MEGA PRESS has been used to edit the GABA resonance at 3ppm. Due to the wide transition bandwidth of the editing pulse, macromolecule resonances are coedited. To suppress macromolecule signals, a symmetric suppression method has been proposed resulting in reduced GABA signal. We present a new editing method by incorporating spatial and spectral selectivity into the PRESS refocusing RF pulses to achieve both GABA editing and macromolecule suppression. Phantom studies showed higher edited GABA signal compared with MEGA PRESS and 90% macromolecule suppression. In-vivo studies demonstrated significantly higher edited GABA signal compared with MEGA PRESS.

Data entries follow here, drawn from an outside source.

(*
  The commuting Hermitian operators iota(v) have an orthonormal basis F of common
  eigenvectors; if e in F has weight omega(e), then for psi /= 0

    iota^*[psi] = sum_e |<e,psi>|^2 omega(e) / |psi|^2,

  a convex combination of the weights occurring in psi.  Differentiating this formula shows
  that the image of the derivative at psi is the linear span of omega(e) - iota^*[psi] over
  the e with <e,psi> /= 0, i.e. the direction space of the affine hull of those weights.
  Hence rho is critical iff rho = iota^*[psi] for some psi whose weights span an affine
  subspace of dimension smaller than dim conv(Omega).  Caratheodory's theorem turns this into
  rho lying in the convex hull of dim conv(Omega) weights; conversely, a convex combination
  sum a_i alpha_i is attained by psi = sum sqrt(a_i) e_i, whose weights are the alpha_i.
*)
theory Submission
  imports Defs
begin

section \<open>Inner products and Hermitian matrices\<close>

lemma cinner_zero_right [simp]: "cinner x 0 = 0"
  by (simp add: cinner_def)

lemma cinner_add_right: "cinner x (y + z) = cinner x y + cinner x z"
  by (simp add: cinner_def distrib_left sum.distrib)

lemma cinner_diff_right: "cinner x (y - z) = cinner x y - cinner x z"
  by (simp add: cinner_def right_diff_distrib sum_subtractf)

lemma cinner_smult_right: "cinner x (c *s y) = c * cinner x y"
  by (simp add: cinner_def sum_distrib_left algebra_simps)

lemma cinner_smult_left: "cinner (c *s x) y = cnj c * cinner x y"
  by (simp add: cinner_def sum_distrib_left algebra_simps)

lemma smult_of_real: "(of_real r :: complex) *s x = r *\<^sub>R x"
proof -
  have "r *\<^sub>R z = of_real r * z" for z :: complex
    by (simp add: scaleR_conv_of_real)
  then show ?thesis by (simp add: vec_eq_iff)
qed

lemma cinner_scaleR_right: "cinner x (r *\<^sub>R y) = of_real r * cinner x y"
  by (simp flip: smult_of_real add: cinner_smult_right)

lemma cinner_scaleR_left: "cinner (r *\<^sub>R x) y = of_real r * cinner x y"
  by (simp flip: smult_of_real add: cinner_smult_left)

lemma cinner_sum_right: "cinner x (\<Sum>i\<in>I. f i) = (\<Sum>i\<in>I. cinner x (f i))"
  by (induction I rule: infinite_finite_induct) (auto simp: cinner_add_right)

lemma cinner_commute: "cinner y x = cnj (cinner x y)"
  by (simp add: cinner_def mult.commute)

lemma Re_cinner: "Re (cinner x y) = x \<bullet> y"
  by (simp add: cinner_def inner_vec_def inner_complex_def Re_sum)

lemma cinner_self: "cinner x x = of_real ((norm x)\<^sup>2)"
proof -
  have "Im (cinner x x) = 0"
    by (simp add: cinner_def Im_sum)
  then show ?thesis
    by (simp add: complex_eq_iff Re_cinner power2_norm_eq_inner)
qed

lemma bounded_linear_cinner_right: "bounded_linear (cinner x)"
proof (rule linear_conv_bounded_linear[THEN iffD1], rule linearI)
  show "cinner x (r *\<^sub>R y) = r *\<^sub>R cinner x y" for r y
    by (simp add: cinner_scaleR_right) (simp add: scaleR_conv_of_real)
qed (rule cinner_add_right)

lemma hermitian_cinner_adjoint:
  assumes "hermitian A"
  shows "cinner x (A *v y) = cinner (A *v x) y"
proof -
  have "cinner x (A *v y) = (\<Sum>i\<in>UNIV. \<Sum>j\<in>UNIV. cnj (x$i) * (A$i$j * y$j))"
    by (simp add: cinner_def matrix_vector_mult_def sum_distrib_left)
  also have "\<dots> = (\<Sum>j\<in>UNIV. \<Sum>i\<in>UNIV. cnj (A$j$i * x$i) * y$j)"
  proof (subst sum.swap, intro sum.cong refl)
    fix i j
    have "A$i$j = cnj (A$j$i)"
      using assms unfolding hermitian_def by blast
    then show "cnj (x$i) * (A$i$j * y$j) = cnj (A$j$i * x$i) * y$j"
      by (simp only: complex_cnj_mult mult_ac)
  qed
  also have "\<dots> = cinner (A *v x) y"
    by (simp add: cinner_def matrix_vector_mult_def sum_distrib_right cnj_sum)
  finally show ?thesis .
qed

lemma hermitian_inner_adjoint: "hermitian A \<Longrightarrow> x \<bullet> (A *v y) = (A *v x) \<bullet> y"
  by (metis Re_cinner hermitian_cinner_adjoint)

Assaf Tal¹ and Oded Gonen^2
1NYU Langone School of Medicine, New York, NY, United States, ²Radiology, NYU Langone School of Medicine, New York, NY, United States

Localization is an essential requirement for almost all proton magnetic resonance spectroscopy (MRS) acquisitions. Localization modules either acquire the spin echo (e.g., PRESS, LASER, semi-LASER, etc) or the stimulated echo (STEAM). We propose a localization module which acquires both coherence pathways. Compared to PRESS, this substantially reduces chemical shift displacements, specific absorption rates, minimum TE and increases B1+ immunity, much like STEAM, but at only a modest reduction in signal to noise (i.e. without the 50% signal loss associated with STEAM).